BEGIN Records supplied
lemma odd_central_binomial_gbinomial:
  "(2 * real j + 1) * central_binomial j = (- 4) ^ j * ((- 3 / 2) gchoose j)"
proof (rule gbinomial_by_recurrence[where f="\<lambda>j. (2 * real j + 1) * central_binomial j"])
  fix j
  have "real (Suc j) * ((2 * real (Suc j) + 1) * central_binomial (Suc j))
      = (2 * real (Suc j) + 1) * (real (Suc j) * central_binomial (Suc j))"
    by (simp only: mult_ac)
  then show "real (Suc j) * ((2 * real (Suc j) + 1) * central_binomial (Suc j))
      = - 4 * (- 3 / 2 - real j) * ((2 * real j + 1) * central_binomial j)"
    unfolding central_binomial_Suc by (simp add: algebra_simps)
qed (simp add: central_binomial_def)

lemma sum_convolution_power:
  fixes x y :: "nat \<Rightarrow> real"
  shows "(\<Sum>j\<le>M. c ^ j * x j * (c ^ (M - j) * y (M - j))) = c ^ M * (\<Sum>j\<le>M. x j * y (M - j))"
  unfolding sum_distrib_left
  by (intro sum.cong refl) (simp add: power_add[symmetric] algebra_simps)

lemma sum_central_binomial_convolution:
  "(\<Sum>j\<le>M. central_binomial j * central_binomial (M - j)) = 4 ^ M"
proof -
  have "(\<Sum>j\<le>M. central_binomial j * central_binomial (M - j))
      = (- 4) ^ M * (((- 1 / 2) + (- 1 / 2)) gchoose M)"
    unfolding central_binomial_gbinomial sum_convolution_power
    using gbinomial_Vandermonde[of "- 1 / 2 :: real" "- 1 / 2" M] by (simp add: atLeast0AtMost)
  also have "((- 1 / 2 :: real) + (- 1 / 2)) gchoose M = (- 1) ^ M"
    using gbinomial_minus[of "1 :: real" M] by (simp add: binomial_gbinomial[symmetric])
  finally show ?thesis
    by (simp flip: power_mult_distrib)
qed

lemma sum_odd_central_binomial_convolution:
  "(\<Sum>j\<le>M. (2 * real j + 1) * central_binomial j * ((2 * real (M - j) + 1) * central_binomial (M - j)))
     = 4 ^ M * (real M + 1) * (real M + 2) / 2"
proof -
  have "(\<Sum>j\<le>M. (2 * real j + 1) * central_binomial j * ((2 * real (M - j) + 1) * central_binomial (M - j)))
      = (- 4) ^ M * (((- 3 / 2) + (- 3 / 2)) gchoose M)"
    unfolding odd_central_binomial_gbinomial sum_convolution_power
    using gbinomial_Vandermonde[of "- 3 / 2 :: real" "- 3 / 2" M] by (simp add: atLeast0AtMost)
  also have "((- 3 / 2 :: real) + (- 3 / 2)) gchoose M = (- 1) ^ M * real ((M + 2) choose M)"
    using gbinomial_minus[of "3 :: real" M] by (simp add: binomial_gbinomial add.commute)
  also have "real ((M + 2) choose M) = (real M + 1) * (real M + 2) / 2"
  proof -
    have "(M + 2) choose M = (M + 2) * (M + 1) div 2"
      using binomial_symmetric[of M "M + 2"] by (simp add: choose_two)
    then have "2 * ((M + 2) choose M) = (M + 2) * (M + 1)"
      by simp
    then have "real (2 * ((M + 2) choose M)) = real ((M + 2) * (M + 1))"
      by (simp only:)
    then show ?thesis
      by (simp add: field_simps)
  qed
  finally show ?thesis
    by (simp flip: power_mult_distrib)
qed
END Records supplied
[What to do] Nothing is to be left out, and every entry is to be transcribed exactly.

[Result for this exercise]
lemma odd_central_binomial_gbinomial:
  "(2 * real j + 1) * central_binomial j = (- 4) ^ j * ((- 3 / 2) gchoose j)"
proof (rule gbinomial_by_recurrence[where f="\<lambda>j. (2 * real j + 1) * central_binomial j"])
  fix j
  have "real (Suc j) * ((2 * real (Suc j) + 1) * central_binomial (Suc j))
      = (2 * real (Suc j) + 1) * (real (Suc j) * central_binomial (Suc j))"
    by (simp only: mult_ac)
  then show "real (Suc j) * ((2 * real (Suc j) + 1) * central_binomial (Suc j))
      = - 4 * (- 3 / 2 - real j) * ((2 * real j + 1) * central_binomial j)"
    unfolding central_binomial_Suc by (simp add: algebra_simps)
qed (simp add: central_binomial_def)

lemma sum_convolution_power:
  fixes x y :: "nat \<Rightarrow> real"
  shows "(\<Sum>j\<le>M. c ^ j * x j * (c ^ (M - j) * y (M - j))) = c ^ M * (\<Sum>j\<le>M. x j * y (M - j))"
  unfolding sum_distrib_left
  by (intro sum.cong refl) (simp add: power_add[symmetric] algebra_simps)

lemma sum_central_binomial_convolution:
  "(\<Sum>j\<le>M. central_binomial j * central_binomial (M - j)) = 4 ^ M"
proof -
  have "(\<Sum>j\<le>M. central_binomial j * central_binomial (M - j))
      = (- 4) ^ M * (((- 1 / 2) + (- 1 / 2)) gchoose M)"
    unfolding central_binomial_gbinomial sum_convolution_power
    using gbinomial_Vandermonde[of "- 1 / 2 :: real" "- 1 / 2" M] by (simp add: atLeast0AtMost)
  also have "((- 1 / 2 :: real) + (- 1 / 2)) gchoose M = (- 1) ^ M"
    using gbinomial_minus[of "1 :: real" M] by (simp add: binomial_gbinomial[symmetric])
  finally show ?thesis
    by (simp flip: power_mult_distrib)
qed

lemma sum_odd_central_binomial_convolution:
  "(\<Sum>j\<le>M. (2 * real j + 1) * central_binomial j * ((2 * real (M - j) + 1) * central_binomial (M - j)))
     = 4 ^ M * (real M + 1) * (real M + 2) / 2"
proof -
  have "(\<Sum>j\<le>M. (2 * real j + 1) * central_binomial j * ((2 * real (M - j) + 1) * central_binomial (M - j)))
      = (- 4) ^ M * (((- 3 / 2) + (- 3 / 2)) gchoose M)"
    unfolding odd_central_binomial_gbinomial sum_convolution_power
    using gbinomial_Vandermonde[of "- 3 / 2 :: real" "- 3 / 2" M] by (simp add: atLeast0AtMost)
  also have "((- 3 / 2 :: real) + (- 3 / 2)) gchoose M = (- 1) ^ M * real ((M + 2) choose M)"
    using gbinomial_minus[of "3 :: real" M] by (simp add: binomial_gbinomial add.commute)
  also have "real ((M + 2) choose M) = (real M + 1) * (real M + 2) / 2"
  proof -
    have "(M + 2) choose M = (M + 2) * (M + 1) div 2"
      using binomial_symmetric[of M "M + 2"] by (simp add: choose_two)
    then have "2 * ((M + 2) choose M) = (M + 2) * (M + 1)"
      by simp
    then have "real (2 * ((M + 2) choose M)) = real ((M + 2) * (M + 1))"
      by (simp only:)
    then show ?thesis
      by (simp add: field_simps)
  qed
  finally show ?thesis
    by (simp flip: power_mult_distrib)
qed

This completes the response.